Enrollment for 2023 opens next week

The annual open enrollment period for joining, switching or dropping Medicare Advantage health insurance plans provided by private companies starts next week, and zero-premium offerings are expected to be more popular than ever with Americans feeling the squeeze of inflation.

Starting Oct. 15 and running through Dec. 7, people ages 65 and older, or younger individuals with certain disabilities who qualify under the government’s guidelines, can apply for coverage that begins at the start of 2023.

A page from the 2019 U.S. Medicare Handbook in Washington. (AP Photo/Pablo Martinez Monsivais, File / AP Newsroom)

But not all plans are the same, and experts say shoppers are advised to do their research to be sure they are receiving optimal coverage even if no premium is charged — and there could be other costs involved.

“It’s not a one-size-fits-all program,” Melissa Brenner, an insurance broker in Charlotte, North Carolina, told the Associated Press. “You don’t want to look at a zero plan and just enroll in it.”

Medicare Advantage plans are similar to traditional government-run plans, except they typically require patients to visit health care providers or pharmacies within a network.

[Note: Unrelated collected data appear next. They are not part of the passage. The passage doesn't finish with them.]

text \<open>If almost no path visited \<open>C\<close> with positive density, the dense prefixes would shrink
  to a null set, and \<open>measure_le_dense_prefixes\<close> with \<open>\<epsilon> = measure \<mu> C / 4\<close> would fail.\<close>
lemma measure_pos_lower_density_pos:
  assumes C: "C \<in> sets path_space" and pos: "measure \<mu> C > 0"
  shows "measure \<mu> (pos_lower_density C) > 0"
proof (rule ccontr)
  assume "\<not> ?thesis"
  then have null: "measure \<mu> (pos_lower_density C) = 0"
    using measure_nonneg[of \<mu>] by (meson antisym not_le)
  define \<epsilon> where "\<epsilon> = measure \<mu> C / 4"
  have "\<epsilon> > 0" using pos by (simp add: \<epsilon>_def)
  have sets: "range (\<lambda>N. dense_prefixes \<epsilon> N C) \<subseteq> sets \<mu>"
    using C by (auto simp: sets_eq_path_space)
  have "measure \<mu> (\<Inter>N. dense_prefixes \<epsilon> N C) \<le> measure \<mu> (pos_lower_density C)"
    using C by (intro finite_measure_mono[OF Inter_dense_prefixes_subset[OF \<open>\<epsilon> > 0\<close>]])
      (simp add: sets_eq_path_space)
  then have "measure \<mu> (\<Inter>N. dense_prefixes \<epsilon> N C) = 0"
    using null measure_nonneg[of \<mu>] by (simp add: antisym)
  then have "(\<lambda>N. measure \<mu> (dense_prefixes \<epsilon> N C)) \<longlonglongrightarrow> 0"
    using finite_Lim_measure_decseq[OF sets decseq_dense_prefixes] by simp
  then have "\<forall>\<^sub>F N in sequentially. measure \<mu> (dense_prefixes \<epsilon> N C) < \<epsilon>"
    using \<open>\<epsilon> > 0\<close> by (rule order_tendstoD(2))
  then obtain N where "measure \<mu> (dense_prefixes \<epsilon> (Suc N) C) < \<epsilon>"
    unfolding eventually_sequentially by (meson le_SucI le_refl)
  with measure_le_dense_prefixes[OF C, of "Suc N" \<epsilon>] \<open>\<epsilon> > 0\<close> show False
    by (simp add: \<epsilon>_def)
qed
(* Let $t\ge2$, $n_1,\dots,n_t\ge1$, $n=n_1+\dots+n_t$, and let $G=K_{n_1,\dots,n_t}$ be the complete multipartite graph with partite sets $Y_1,\dots,Y_t$, $|Y_i|=n_i$. Then the inclusion-minimal skew forcing sets of $G$ are exactly the sets $V(G)\setminus\{u,v\}$ with $u,v$ in different partite sets; these are exactly the vertices of $\mathfrak{Z}^-(G)$ of cardinality $n-2$, and each has degree $2$ in $\mathfrak{Z}^-(G)$. Every set $V(G)\setminus\{y\}$ with $y\in Y_i$ is a skew forcing set and has degree $n-n_i+1$ in $\mathfrak{Z}^-(G)$. Moreover $\mathfrak{Z}^-(G)$ is unique: if $G'$ is a graph with no isolated vertices and $\mathfrak{Z}^-(G')\cong\mathfrak{Z}^-(G)$, then $G'\cong G$.
   Context: All graphs are finite, simple, undirected. Skew color change rule: with $W$ the set of white (non-blue) vertices, any vertex $u$ (blue or white) may color a white vertex $w$ blue if $N(u)\cap W=\{w\}$. $S$ is a skew forcing set if starting with exactly $S$ blue and applying the rule repeatedly, all vertices become blue. The skew TAR graph $\mathfrak{Z}^-(G)$ has as vertices the skew forcing sets of $G$, with $S_1S_2$ an edge iff $|S_1\ominus S_2|=1$ (symmetric difference). A complete multipartite graph $K_{n_1,\dots,n_t}$ has vertex set partitioned into sets of sizes $n_1,\dots,n_t$, with exactly the edges between vertices in distinct parts. *)

theory Defs
  imports Main
begin

definition simple_graph :: "'a set \<Rightarrow> ('a \<Rightarrow> 'a \<Rightarrow> bool) \<Rightarrow> bool" where
  "simple_graph V E \<longleftrightarrow> finite V \<and> (\<forall>x y. E x y \<longrightarrow> x \<in> V \<and> y \<in> V)
     \<and> (\<forall>x y. E x y \<longrightarrow> E y x) \<and> (\<forall>x. \<not> E x x)"

definition nbhd :: "('a \<Rightarrow> 'a \<Rightarrow> bool) \<Rightarrow> 'a \<Rightarrow> 'a set" where
  "nbhd E u = {v. E u v}"

text \<open>One application of the skew color change rule: blue set B becomes
  insert w B, where w is white and some vertex u (blue or white) has w as its
  unique white neighbour.\<close>
definition skew_step :: "'a set \<Rightarrow> ('a \<Rightarrow> 'a \<Rightarrow> bool) \<Rightarrow> 'a set \<Rightarrow> 'a set \<Rightarrow> bool" where
  "skew_step V E B B' \<longleftrightarrow> (\<exists>u\<in>V. \<exists>w\<in>V - B.
      nbhd E u \<inter> (V - B) = {w} \<and> B' = insert w B)"
(* Let $f=a_0+a_1 z+\cdots+a_mz^m\in \mathbb{Z}[z]$ be primitive (the greatest common divisor of its coefficients is $1$). Suppose there exist positive real numbers $\alpha<\beta$ and an index $j\in\{0,1,\ldots,m\}$ such that \[ |a_j|\alpha^j >\left(\frac{\beta}{\alpha}\right)^{m-j}\sum_{i=0,\, i\neq j}^m |a_i|\alpha^i. \] Further, suppose there exist natural numbers $n$, $d$, $k$, $\ell\leq m$, and a prime $p$ with $p\nmid d$ such that $\beta-d\geq n\geq \alpha+d$, $f(n)=\pm p^k d$, $\gcd(k,\ell)=1$, $p^k$ divides $\frac{f^{(i)}(n)}{i!}$ for each $i=0, 1, \ldots,\ell-1$, and, in case $k>1$, also $p\nmid \frac{f^{(\ell)}(n)}{\ell!}$. Then $f$ is irreducible in $\mathbb{Z}[z]$.
   Context: $f^{(i)}$ denotes the $i$-th derivative of $f$ with respect to $z$. Natural numbers are positive integers. *)

theory Defs
  imports "HOL-Computational_Algebra.Polynomial_Factorial"
begin

text \<open>The i-th derivative of f evaluated at x, divided by i! (an exact integer division).\<close>
definition taylor_coeff_at :: "int poly \<Rightarrow> nat \<Rightarrow> int \<Rightarrow> int" where
  "taylor_coeff_at f i x = poly ((pderiv ^^ i) f) x div fact i"

end

theory Submission
  imports Defs "HOL-Computational_Algebra.Fundamental_Theorem_Algebra"
begin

Individuals with the private plans will also still need to pay the monthly cost of Medicare Part B to cover doctor’s visits.

Medicare Advantage plans often require policyholders to visit health care providers within a network. (Craig F. Walker/The Boston Globe via Getty Images / Getty Images)

Next year, that cost will come out to $164.90 a month and is usually deducted from Social Security checks.

Brenner recommends that shoppers review the networks, co-pay costs and annual out-of-pocket maximums when comparing plans rather than just looking at the price of premiums (or lack thereof).

No-premium plans can be great for people who are healthy and do not require a lot of medical services, but plans with less coverage can be a greater risk for those who are not and amount to more significant out-of-pocket costs.

Medicare Advantage plans often require policyholders to visit health care providers and pharmacies within a network. (Tom Williams/CQ-Roll Call, Inc via Getty Images / Getty Images)

Experts recommend that shoppers do their homework early when it comes to comparing plans and not wait until the end of the enrollment period in early December to sign up, because there is a rush at the end, and people who are late can be locked out.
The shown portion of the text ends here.